What chance did a country of barely 500,000 have against a Nigeria, a Cameroon, or an Egypt?

"I could see sometimes my teammates feeling intimidated by going to certain places," remembers Lito.

The first signs of uplift could be detected in the qualifiers for the 2006 World Cup, a fifth-placed finish in a six-team group.

Then, ahead of the 2012 Nations Cup, the islanders came within one match of reaching the finals, ousted because of an inferior head-to-head record versus Mali.

"What had happened was that standards had become a lot more professional," says Lito. "The Federation really made an effort to raise the level. We have now become a very hard team to beat."
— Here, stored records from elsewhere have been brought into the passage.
(* Let $n\ge3$ and $L>1$, and define $$\sigma_{1,2}=\frac{(L+n-1)+L^n(1+L(n-1))+\sqrt{\left((L+n-1)+L^n(1+L(n-1))\right)^2-4L(L^n-1)^2(n-1)}}{2L(L^n-1)},$$ $$\sigma_{2,1}=\frac{L^{n+2}(2+Ln)+(n+2L)-\sqrt{\left(L^{n+2}(2+Ln)+(n+2L)\right)^2-8Ln(L^{n+2}-1)^2}}{2L(L^{n+2}-1)}.$$ Then $\sigma_{2,1}\le\sigma_{1,2}$. *)

theory Defs
  imports Complex_Main
begin

end

theory Submission imports Defs begin

text \<open>
  Put \<open>x = L^n\<close>, \<open>y = L^(n+2)\<close>, and let \<open>A\<close>, \<open>B\<close> be the terms before the square roots.
  Then \<open>\<sigma>\<^sub>2\<^sub>,\<^sub>1\<close> is the smaller root of \<open>L(y-1)s\<^sup>2 - Bs + 2n(y-1)\<close>, so rationalising
  gives \<open>\<sigma>\<^sub>2\<^sub>,\<^sub>1 \<le> 4n(y-1)/B\<close>; and \<open>\<sigma>\<^sub>1\<^sub>,\<^sub>2 \<ge> A/(2L(x-1))\<close> because both discriminants are
  nonnegative by \<open>(a+b)\<^sup>2 \<ge> 4ab\<close>. It remains to show \<open>8nL(x-1)(y-1) \<le> AB\<close>. For \<open>n \<ge> 6\<close> this
  holds for all \<open>x, y \<ge> 1\<close>, comparing the coefficients of \<open>(x-1)(y-1)\<close>; for \<open>n = 3, 4, 5\<close>
  it is a polynomial inequality in \<open>L\<close>, checked by expanding in \<open>L - 1\<close>.
\<close>

lemma four_mul_le_sq_of_scaled_sum:
  fixes a b z w :: real
  assumes "0 \<le> a" "0 \<le> b" "1 \<le> z" "z * (a + b) \<le> w"
  shows "4 * a * b * (z - 1)^2 \<le> w^2"
proof -
  have "4 * a * b \<le> (a + b)^2"
    using sum_squares_ge_zero[of "a - b" 0] by (simp add: power2_eq_square algebra_simps)
  moreover have "(z - 1)^2 \<le> z^2"
    using assms(3) by (intro power_mono) auto
  ultimately have "4 * a * b * (z - 1)^2 \<le> (z * (a + b))^2"
    using assms(1,2) by (simp add: power_mult_distrib mult_mono' mult.commute)
  also have "\<dots> \<le> w^2"
    using assms by (intro power_mono) auto
  finally show ?thesis .
qed

lemma diff_sqrt_diff_le_divide:
  fixes B D :: real
  assumes "0 < B" "0 \<le> D" "D \<le> B^2"
  shows "B - sqrt (B^2 - D) \<le> D / B"
proof -
  define S where "S = sqrt (B^2 - D)"
  have "0 \<le> S" and "S^2 = B^2 - D"
    using assms(3) by (simp_all add: S_def)
  moreover have "S \<le> B"
    using assms real_sqrt_le_mono[of "B^2 - D" "B^2"] by (simp add: S_def)
  ultimately have "(B - S) * B \<le> D"
    using mult_left_mono[of B "B + S" "B - S"] by (simp add: algebra_simps power2_eq_square)
  then show ?thesis
    using assms(1) by (simp add: S_def le_divide_eq)
qed

lemma smaller_root_le_larger_root:
  fixes L N x y A B :: real
  assumes L: "0 < L" and N: "1 \<le> N" and x: "1 < x" and y: "1 < y"
    and A: "x * (1 + L * (N - 1)) \<le> A" and B: "y * (2 + L * N) \<le> B"
    and AB: "8 * N * L * (x - 1) * (y - 1) \<le> A * B"
  shows "(B - sqrt (B^2 - 8 * L * N * (y - 1)^2)) / (2 * L * (y - 1))
       \<le> (A + sqrt (A^2 - 4 * L * (x - 1)^2 * (N - 1))) / (2 * L * (x - 1))"
proof -
  have B_pos: "0 < B"
  proof -
    have "0 < y * (2 + L * N)"
      using L N y by (simp add: add_pos_nonneg)
    then show ?thesis
      using B by linarith
  qed
  have disc_B: "8 * L * N * (y - 1)^2 \<le> B^2"
    using four_mul_le_sq_of_scaled_sum[of 2 "L * N" y B] L N y B by (simp add: mult.assoc)
  have disc_A: "4 * L * (x - 1)^2 * (N - 1) \<le> A^2"
    using four_mul_le_sq_of_scaled_sum[of 1 "L * (N - 1)" x A] L N x A by (simp add: algebra_simps)
  have "(B - sqrt (B^2 - 8 * L * N * (y - 1)^2)) / (2 * L * (y - 1))
      \<le> 8 * L * N * (y - 1)^2 / B / (2 * L * (y - 1))"
    using diff_sqrt_diff_le_divide[OF B_pos _ disc_B] L N y by (intro divide_right_mono) auto
  also have "\<dots> = 4 * N * (y - 1) / B"
    using B_pos L y by (simp add: power2_eq_square field_simps)
  also have "\<dots> \<le> A / (2 * L * (x - 1))"
  proof -
    have "4 * N * (y - 1) * (2 * L * (x - 1)) \<le> A * B"
      using AB by (simp add: algebra_simps)
    then show ?thesis
      using B_pos L x by (simp add: divide_le_eq le_divide_eq mult.commute)
  qed
  also have "\<dots> \<le> (A + sqrt (A^2 - 4 * L * (x - 1)^2 * (N - 1))) / (2 * L * (x - 1))"
    using disc_A L x by (intro divide_right_mono) auto
  finally show ?thesis .
qed

lemma coefficient_product_bound_of_six_le:
  fixes N L x y :: real
  assumes N: "6 \<le> N" and L: "1 \<le> L" and x: "1 \<le> x" and y: "1 \<le> y"
  shows "8 * N * L * (x - 1) * (y - 1)
       \<le> (L + N - 1 + x * (1 + L * (N - 1))) * (y * (2 + L * N) + (N + 2 * L))"
proof -
  define c where "c = 1 + L * (N - 1)"
  define b where "b = 2 + L * N"
  have "c * b - 8 * N * L = (L - 1) * (N * (N - 1) * L - 2) + L * (N * (N - 6))"
    by (simp add: c_def b_def algebra_simps)
  moreover have "2 \<le> N * (N - 1) * L"
    using N L mult_mono[of 6 N 5 "N - 1"] mult_mono[of 30 "N * (N - 1)" 1 L] by linarith
  ultimately have cb: "8 * N * L \<le> c * b"
    using N L by (smt (verit) mult_nonneg_nonneg)
  have "8 * N * L * ((x - 1) * (y - 1)) \<le> c * b * ((x - 1) * (y - 1))"
    using cb x y by (intro mult_right_mono) auto
  also have "\<dots> = (c * (x - 1)) * (b * (y - 1))"
    by (simp add: ac_simps)
  also have "\<dots> \<le> (L + N - 1 + c + c * (x - 1)) * (N + 2 * L + b + b * (y - 1))"
    using N L x y by (intro mult_mono) (auto simp: c_def b_def)
  finally show ?thesis
    by (simp add: c_def b_def algebra_simps)
qed

lemma coefficient_product_bound_3:
  fixes L :: real
  assumes "1 \<le> L"
  shows "8 * 3 * L * (L^3 - 1) * (L^5 - 1)
       \<le> (L + 3 - 1 + L^3 * (1 + L * (3 - 1))) * (L^5 * (2 + L * 3) + (3 + 2 * L))"
proof -
  define t where "t = L - 1"
  have t: "0 \<le> t" and L: "L = 1 + t"
    using assms by (simp_all add: t_def)
  define q where "q = 540 + 360*t - 85*t^2 - 255*t^3 - 59*t^4 + 127*t^5 + 119*t^6 + 43*t^7 + 6*t^8"
  have expansion: "(L + 3 - 1 + L^3 * (1 + L * (3 - 1))) * (L^5 * (2 + L * 3) + (3 + 2 * L))
      - 8 * 3 * L * (L^3 - 1) * (L^5 - 1) = 60 + 300*t + t^2 * q"
    unfolding L q_def by (simp add: algebra_simps power2_eq_square power3_eq_cube power_numeral_reduce)
  have "0 \<le> q"
  proof (cases "t \<le> 1")
    case True
    then have "t^2 \<le> 1" "t^3 \<le> 1" "t^4 \<le> 1"
      using t by (auto intro: power_le_one)
    then show ?thesis
      using t by (simp add: q_def)
  next
    case False
    \<comment> \<open>for \<open>t \<ge> 1\<close> re-expand around \<open>1\<close>, where all coefficients are positive\<close>
    define s where "s = t - 1"
    have "q = 796 + 887*s + 2922*s^2 + 5000*s^3 + 4286*s^4 + 2080*s^5 + 588*s^6 + 91*s^7 + 6*s^8"
      unfolding q_def s_def by (simp add: algebra_simps power2_eq_square power3_eq_cube power_numeral_reduce)
    then show ?thesis
      using False by (simp add: s_def)
  qed
  then show ?thesis
    using expansion t by (smt (verit) mult_nonneg_nonneg zero_le_power2)
qed

lemma coefficient_product_bound_4:
  fixes L :: real
  assumes "1 \<le> L"
  shows "8 * 4 * L * (L^4 - 1) * (L^6 - 1)
       \<le> (L + 4 - 1 + L^4 * (1 + L * (4 - 1))) * (L^6 * (2 + L * 4) + (4 + 2 * L))"
proof -
  define t where "t = L - 1"
  have t: "0 \<le> t" and L: "L = 1 + t"
    using assms by (simp_all add: t_def)
  have "(L + 4 - 1 + L^4 * (1 + L * (4 - 1))) * (L^6 * (2 + L * 4) + (4 + 2 * L))
      - 8 * 4 * L * (L^4 - 1) * (L^6 - 1)
      = 96 + 576*t + 1416*t^2 + 1800*t^3 + 1404*t^4 + 1152*t^5 + 1790*t^6 + 2562*t^7
        + 2404*t^8 + 1450*t^9 + 552*t^10 + 122*t^11 + 12*t^12"
    unfolding L by (simp add: algebra_simps power2_eq_square power3_eq_cube power_numeral_reduce)
  moreover have "0 \<le> 96 + 576*t + 1416*t^2 + 1800*t^3 + 1404*t^4 + 1152*t^5 + 1790*t^6 + 2562*t^7
        + 2404*t^8 + 1450*t^9 + 552*t^10 + 122*t^11 + 12*t^12"
    using t by simp
  ultimately show ?thesis
    by linarith
qed

lemma coefficient_product_bound_5:
  fixes L :: real
  assumes "1 \<le> L"
  shows "8 * 5 * L * (L^5 - 1) * (L^7 - 1)
       \<le> (L + 5 - 1 + L^5 * (1 + L * (5 - 1))) * (L^7 * (2 + L * 5) + (5 + 2 * L))"
proof -
  define t where "t = L - 1"
  have t: "0 \<le> t" and L: "L = 1 + t"
    using assms by (simp_all add: t_def)
  have "(L + 5 - 1 + L^5 * (1 + L * (5 - 1))) * (L^7 * (2 + L * 5) + (5 + 2 * L))
      - 8 * 5 * L * (L^5 - 1) * (L^7 - 1)
      = 140 + 980*t + 3080*t^2 + 5740*t^3 + 8190*t^4 + 11690*t^5 + 17906*t^6 + 24584*t^7
        + 26408*t^8 + 21180*t^9 + 12430*t^10 + 5198*t^11 + 1471*t^12 + 253*t^13 + 20*t^14"
    unfolding L by (simp add: algebra_simps power2_eq_square power3_eq_cube power_numeral_reduce)
  moreover have "0 \<le> 140 + 980*t + 3080*t^2 + 5740*t^3 + 8190*t^4 + 11690*t^5 + 17906*t^6
        + 24584*t^7 + 26408*t^8 + 21180*t^9 + 12430*t^10 + 5198*t^11 + 1471*t^12 + 253*t^13 + 20*t^14"
    using t by simp
  ultimately show ?thesis
    by linarith
qed

lemma coefficient_product_bound:
  fixes n :: nat and L :: real
  assumes n: "3 \<le> n" and L: "1 \<le> L"
  shows "8 * real n * L * (L^n - 1) * (L^(n+2) - 1)
       \<le> (L + real n - 1 + L^n * (1 + L * (real n - 1))) * (L^(n+2) * (2 + L * real n) + (real n + 2 * L))"
proof -
  consider "n = 3" | "n = 4" | "n = 5" | "6 \<le> n"
    using n by linarith
  then show ?thesis
  proof cases
    case 4
    moreover have "1 \<le> L^n" "1 \<le> L^(n+2)"
      using L by (simp_all only: one_le_power)
    ultimately show ?thesis
      using coefficient_product_bound_of_six_le[of "real n" L "L^n" "L^(n+2)"] L by simp
  qed (use coefficient_product_bound_3 coefficient_product_bound_4 coefficient_product_bound_5 L in simp_all)
qed

theorem lemma2p5:
  fixes n :: nat and L :: real
  assumes "n \<ge> 3" and "L > 1"
  shows "(L^(n+2) * (2 + L * real n) + (real n + 2 * L)
           - sqrt ((L^(n+2) * (2 + L * real n) + (real n + 2 * L))^2
                   - 8 * L * real n * (L^(n+2) - 1)^2))
         / (2 * L * (L^(n+2) - 1))
       \<le> ((L + real n - 1) + L^n * (1 + L * (real n - 1))
           + sqrt (((L + real n - 1) + L^n * (1 + L * (real n - 1)))^2
                   - 4 * L * (L^n - 1)^2 * (real n - 1)))
         / (2 * L * (L^n - 1))"
proof (rule smaller_root_le_larger_root)
  show "1 < L^n" "1 < L^(n+2)"
    using assms one_less_power[of L n] one_less_power[of L "n+2"] by simp_all
  show "L^n * (1 + L * (real n - 1)) \<le> L + real n - 1 + L^n * (1 + L * (real n - 1))"
    "L^(n+2) * (2 + L * real n) \<le> L^(n+2) * (2 + L * real n) + (real n + 2 * L)"
    using assms by simp_all
  show "8 * real n * L * (L^n - 1) * (L^(n+2) - 1)
      \<le> (L + real n - 1 + L^n * (1 + L * (real n - 1))) * (L^(n+2) * (2 + L * real n) + (real n + 2 * L))"
    using coefficient_product_bound assms by simp
qed (use assms in simp_all)

end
The apotheosis would be the 3-2 aggregate victory over Cameroon, four-time African champions, in the play-off that sent them to the 2013 finals.

Antunes can claim much credit. "He's good at getting the players to believe in themselves, and because he's young, he communicates well with them," says Lito. "Sometimes, that is hard because you also need some distance as a coach, but he knows how to manage that situation."

Antunes, those around him suspect, will have enjoyed the attention his trip to Real Madrid and cosiness with Mourinho, brought him.

"I think it's possible he would like one day to have a club job in Europe," says Lito. "And why not?"

That is a legitimate question. Yet there are few precedents for a coach from Africa exporting his expertise in the way, for instance, so many South Americans do.

Africa's confidence in its own native managers comes under scrutiny at almost every Nations Cup. A majority - just - of the men in charge of the 16 teams in South Africa will be guided by men from outside Africa.

Observing that fact, Stephen Keshi, the Nigeria coach and former captain, spikily remarked: "These white coaches cannot do anything we cannot do. They just come to Africa for the money."

Last Thursday, in Portugal's Algarve, Keshi warmly embraced Antunes, the new boy on the African coaching block, the Mourinho of the mid-Atlantic. Then Keshi saw at first-hand how this rising star of the dugout has marshalled his limited resources to considerable effect.

Cape Verde held Nigeria to a goalless draw in a pre-Nations Cup friendly, another small feather in Antunes's cap.

Come Saturday, in charge of the smallest country ever to play in this tournament, up against the wealthiest nation in Africa at Soweto's Soccer City, Antunes need not be daunted. Cape Verde are solid at the back, they have some devil in attack, especially through winger Ryan Mendes, while "Nhuck" Ramos strikes a menacing free kick.

They no longer cower as they once did.

"We know we can perform under pressure, because of what we did in Cameroon in the play-off, and holding out in the second leg there against a very hostile crowd in Yaounde," says Lito, smiling at the memory of the crowds gathered when the victorious, so-called Blue Sharks returned home after that match.

"The reception we had when we flew home was incredible, loads of fans at the airport even though we landed, many hours later than scheduled, at six in the morning."

Plenty of overtime for the air-traffic controllers of Praia that night, while a whole new frontier had opened for one of them.